Intentionally teaching diversity skills in bar tested classes requires professors to navigate a variety of potential obstacles like uneven casebook coverage of topics/perspectives, limited class time to devote to important issues, and possible student resistance in discussions. This session will feature panelists from across the curriculum focusing on how to successfully integrate diversity skills and diverse perspectives into the law school classroom.

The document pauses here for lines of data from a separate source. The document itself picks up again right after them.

lemma card_extensions_SP_plus_3:
  fixes y1 y2 y3 :: "'a::{finite,field} option"
  assumes q: "card (UNIV :: 'a set) mod 4 = 1" and "y1 \<noteq> y2" "y1 \<noteq> y3" "y2 \<noteq> y3"
  shows "CARD('a) \<le> 4 * card (extensions (plus_sign SP_sign) {y1, y2, y3} \<tau>) + 5"
proof -
  let ?Y = "{y1, y2, y3}"
  let ?E = "extensions (plus_sign SP_sign) ?Y \<tau>"
  let ?e = "\<lambda>y. sgn_bool (\<tau> y)"
  let ?c = "\<lambda>a b. ?e a * ?e b * (\<Sum>x\<in>-?Y. SP_plus_adj x a * SP_plus_adj x b)"
  have pointwise: "4 * of_bool (x \<in> ?E) = 1
      + ?e y1 * ?e y2 * (SP_plus_adj x y1 * SP_plus_adj x y2)
      + ?e y1 * ?e y3 * (SP_plus_adj x y1 * SP_plus_adj x y3)
      + ?e y2 * ?e y3 * (SP_plus_adj x y2 * SP_plus_adj x y3)" if "x \<in> - ?Y" for x
    using that
    by (cases "plus_sign SP_sign {x, y1}"; cases "plus_sign SP_sign {x, y2}";
        cases "plus_sign SP_sign {x, y3}"; cases "\<tau> y1"; cases "\<tau> y2"; cases "\<tau> y3")
      (auto simp: extensions_def SP_plus_adj_eq_sgn_bool sgn_bool_def)
  have "4 * int (card ?E) = (\<Sum>x\<in>-?Y. 4 * of_bool (x \<in> ?E))"
    by (subst int_card_eq_sum_of_bool[of "-?Y"]) (auto simp: extensions_def sum_distrib_left)
  also have "\<dots> = int (card (-?Y)) + ?c y1 y2 + ?c y1 y3 + ?c y2 y3"
    using pointwise by (simp add: sum.distrib sum_distrib_left)
  finally have count: "4 * int (card ?E) = int (card (-?Y)) + ?c y1 y2 + ?c y1 y3 + ?c y2 y3" .
  have bound: "- 1 \<le> ?c a b" if ab: "a \<in> ?Y" "b \<in> ?Y" "a \<noteq> b" for a b
  proof -
    obtain z where "?Y = {a, b, z}" "z \<noteq> a" "z \<noteq> b" using ab assms(2-4) by auto
    then have "?c a b = - (?e a * ?e b * (SP_plus_adj z a * SP_plus_adj z b))"
      using sum_SP_plus_adj_outside[OF q, of a ?Y b] ab by simp
    then show ?thesis by (simp add: SP_plus_adj_def sgn_bool_def)
  qed
  have "card (-?Y) + 3 = CARD('a) + 1"
  proof -
    have "card ?Y \<le> CARD('a option)" by (rule card_mono) auto
    then show ?thesis
      using assms(2-4) by (simp add: Compl_eq_Diff_UNIV card_Diff_subset card_UNIV_option)
  qed
  moreover have "- 1 \<le> ?c y1 y2" "- 1 \<le> ?c y1 y3" "- 1 \<le> ?c y2 y3"
    using assms(2-4) by (auto intro: bound)
  ultimately have "int CARD('a) \<le> 4 * int (card ?E) + 5" using count by linarith
  then show ?thesis by linarith
qed

lemma card_extensions_SP_plus:
  fixes Y :: "'a::{finite,field} option set"
  assumes q: "card (UNIV :: 'a set) mod 4 = 1" and "card Y \<le> 3"
  shows "4 * CARD('a option)
    \<le> 4 * card (extensions (plus_sign SP_sign) Y \<tau>) + (CARD('a option) + 2) * card Y"
proof -
  have N: "CARD('a option) = CARD('a) + 1" by (simp add: card_UNIV_option)
  consider "Y = {}" | y where "Y = {y}" | y1 y2 where "Y = {y1, y2}" "y1 \<noteq> y2"
    | y1 y2 y3 where "Y = {y1, y2, y3}" "y1 \<noteq> y2" "y1 \<noteq> y3" "y2 \<noteq> y3"
    using assms(2) by (metis card_0_eq card_1_singletonE card_2_iff card_3_iff finite le_SucE
        numeral_3_eq_3 numeral_2_eq_2 One_nat_def le_zero_eq)
  then show ?thesis
  proof cases
    case 1
    then have "extensions (plus_sign SP_sign) Y \<tau> = UNIV" by (simp add: extensions_def)
    then show ?thesis using 1 by simp
  next
    case (2 y)
    then have "extensions (plus_sign SP_sign) Y \<tau> = - {y}"
      by (auto simp: extensions_def intro: exI[of _ "plus_sign SP_sign {_, y} = \<tau> y"])
    then show ?thesis
      using 2 by (simp add: Compl_eq_Diff_UNIV card_Diff_subset N)
  next
    case (3 y1 y2)
    then show ?thesis using card_extensions_SP_plus_2[OF q 3(2), of \<tau>] N by simp
  next
    case (4 y1 y2 y3)
    then show ?thesis using card_extensions_SP_plus_3[OF q 4(2-4), of \<tau>] N by simp
  qed
qed

section \<open>Degrees and loads\<close>

definition neighbors_in :: "'v set set \<Rightarrow> 'v set \<Rightarrow> 'v \<Rightarrow> 'v set" where
  "neighbors_in E H v = {u\<in>H. {u, v} \<in> E}"

definition degree_in :: "'v set set \<Rightarrow> 'v set \<Rightarrow> 'v \<Rightarrow> nat" where
  "degree_in E H v = card (neighbors_in E H v)"

lemma finite_neighbors_in [simp]: "finite H \<Longrightarrow> finite (neighbors_in E H v)"
  by (simp add: neighbors_in_def)

lemma degree_in_mono:
  "finite H \<Longrightarrow> H' \<subseteq> H \<Longrightarrow> degree_in E H' w \<le> degree_in E H w"
  unfolding degree_in_def by (intro card_mono) (auto simp: neighbors_in_def)

lemma degree_in_eq_card_incident_edges:
  assumes "\<forall>e\<in>E. card e = 2" "v \<in> H"
  shows "degree_in E H v = card {e\<in>E. e \<subseteq> H \<and> v \<in> e}"
proof -
  have "inj_on (\<lambda>u. {u, v}) (neighbors_in E H v)"
    by (auto simp: inj_on_def doubleton_eq_iff)
  moreover have "(\<lambda>u. {u, v}) ` neighbors_in E H v = {e\<in>E. e \<subseteq> H \<and> v \<in> e}"
  proof (intro equalityI subsetI)
    fix e assume e: "e \<in> {e\<in>E. e \<subseteq> H \<and> v \<in> e}"
    then obtain x y where "e = {x, y}" using assms(1) by (auto simp: card_2_iff)
    then obtain u where "e = {u, v}" using e by (auto simp: insert_commute)
    then show "e \<in> (\<lambda>u. {u, v}) ` neighbors_in E H v" using e by (auto simp: neighbors_in_def)
  qed (use assms(2) in \<open>auto simp: neighbors_in_def\<close>)
  ultimately show ?thesis by (simp add: degree_in_def card_image[symmetric])
qed

lemma sum_degree_in:
  assumes "\<forall>e\<in>E. card e = 2" "finite H"
  shows "(\<Sum>v\<in>H. degree_in E H v) = 2 * card {e\<in>E. e \<subseteq> H}"
proof -
  let ?EH = "{e\<in>E. e \<subseteq> H}"
  have "finite ?EH" by (rule finite_subset[of _ "Pow H"]) (use assms(2) in auto)
  have "(\<Sum>v\<in>H. degree_in E H v) = (\<Sum>v\<in>H. card {e\<in>?EH. v \<in> e})"
    using assms(1) by (intro sum.cong) (simp_all add: degree_in_eq_card_incident_edges conj_assoc)
  also have "\<dots> = (\<Sum>v\<in>H. \<Sum>e\<in>?EH. of_bool (v \<in> e))"
    using \<open>finite ?EH\<close> by (simp add: Int_def)
  also have "\<dots> = (\<Sum>e\<in>?EH. \<Sum>v\<in>H. of_bool (v \<in> e))" by (rule sum.swap)
  also have "\<dots> = (\<Sum>e\<in>?EH. 2)"
    using assms by (intro sum.cong) (auto simp: Int_absorb1 Int_absorb2)
  finally show ?thesis by simp
qed

lemma card_edges_Un_ge:
  assumes "finite H" "finite W" "H \<inter> W = {}"
  shows "card {e\<in>E. e \<subseteq> H} + (\<Sum>w\<in>W. degree_in E H w) \<le> card {e\<in>E. e \<subseteq> H \<union> W}"
proof -
  let ?star = "\<lambda>w. (\<lambda>h. {h, w}) ` neighbors_in E H w"
  have star_card: "card (?star w) = degree_in E H w" if "w \<in> W" for w
    using that assms(3)
    by (subst card_image) (auto simp: degree_in_def inj_on_def neighbors_in_def doubleton_eq_iff)
  have "(\<Sum>w\<in>W. degree_in E H w) = card (\<Union>w\<in>W. ?star w)"
    using assms star_card
    by (subst card_UN_disjoint) (auto simp: neighbors_in_def doubleton_eq_iff)
  moreover have "card {e\<in>E. e \<subseteq> H} + card (\<Union>w\<in>W. ?star w)
      = card ({e\<in>E. e \<subseteq> H} \<union> (\<Union>w\<in>W. ?star w))"
    using assms by (intro card_Un_disjoint[symmetric]) (auto simp: neighbors_in_def)
  moreover have "card ({e\<in>E. e \<subseteq> H} \<union> (\<Union>w\<in>W. ?star w)) \<le> card {e\<in>E. e \<subseteq> H \<union> W}"
    using assms
    by (intro card_mono finite_subset[rotated, of _ "Pow (H \<union> W)"]) (auto simp: neighbors_in_def)
  ultimately show ?thesis by simp
qed

definition load :: "'v set \<Rightarrow> 'v set set \<Rightarrow> 'v set \<Rightarrow> 'v \<Rightarrow> nat" where
  "load V E H v = (\<Sum>w\<in>neighbors_in E (V - H) v. degree_in E H w - 1)"

lemma sum_load:
  assumes "finite V" "H \<subseteq> V"
  shows "(\<Sum>v\<in>H. load V E H v) = (\<Sum>w\<in>V - H. degree_in E H w * (degree_in E H w - 1))"
proof -
  have "(\<Sum>v\<in>H. load V E H v)
      = (\<Sum>v\<in>H. \<Sum>w\<in>V - H. if {w, v} \<in> E then degree_in E H w - 1 else 0)"
    unfolding load_def neighbors_in_def using assms by (simp only: sum.inter_filter finite_Diff)
  also have "\<dots> = (\<Sum>w\<in>V - H. \<Sum>v\<in>H. if {w, v} \<in> E then degree_in E H w - 1 else 0)"
    by (rule sum.swap)
  also have "\<dots> = (\<Sum>w\<in>V - H. degree_in E H w * (degree_in E H w - 1))"
  proof (rule sum.cong[OF refl])
    fix w
    have "neighbors_in E H w = {v\<in>H. {w, v} \<in> E}" by (auto simp: neighbors_in_def insert_commute)
    then show "(\<Sum>v\<in>H. if {w, v} \<in> E then degree_in E H w - 1 else 0)
        = degree_in E H w * (degree_in E H w - 1)"
      using finite_subset[OF assms(2,1)] by (simp add: degree_in_def sum.If_cases Int_def)
  qed
  finally show ?thesis .
qed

This event is co-sponsored by Roger Williams University School of Law, City University of New York School of Law, George Washington University Law School, Berkeley Law, and JURIST.

4:00 - 5:00 PM EST

In 2021, RWU Law began sponsoring an ongoing Integrating Doctrine & Diversity Speaker Series in collaboration with CUNY School of Law and JURIST. Each previous installment has been attended by hundreds of legal education professionals from across the country.

See Previous Sessions

Meet the Speakers

Montré Denise Carodine
Montré Denise Carodine

Montré Denise Carodine earned her B.A., summa cum laude, from Louisiana Tech University and her J.D., cum laude, from Tulane Law School where she was on the Senior Editorial Board of the Tulane Law Review.  After graduating from law school, Professor Carodine clerked for the Honorable Carl E. Stewart of the United States Court of Appeals for the Fifth Circuit.  She then practiced as a litigation associate with Fulbright & Jaworski in Houston, Texas, from 2001-2004. She was on the law faculty at Washington and Lee University from 2004 to 2007.  She has been on the Alabama Law faculty since 2007, where she is currently Professor of Law and has previously served as an associate dean.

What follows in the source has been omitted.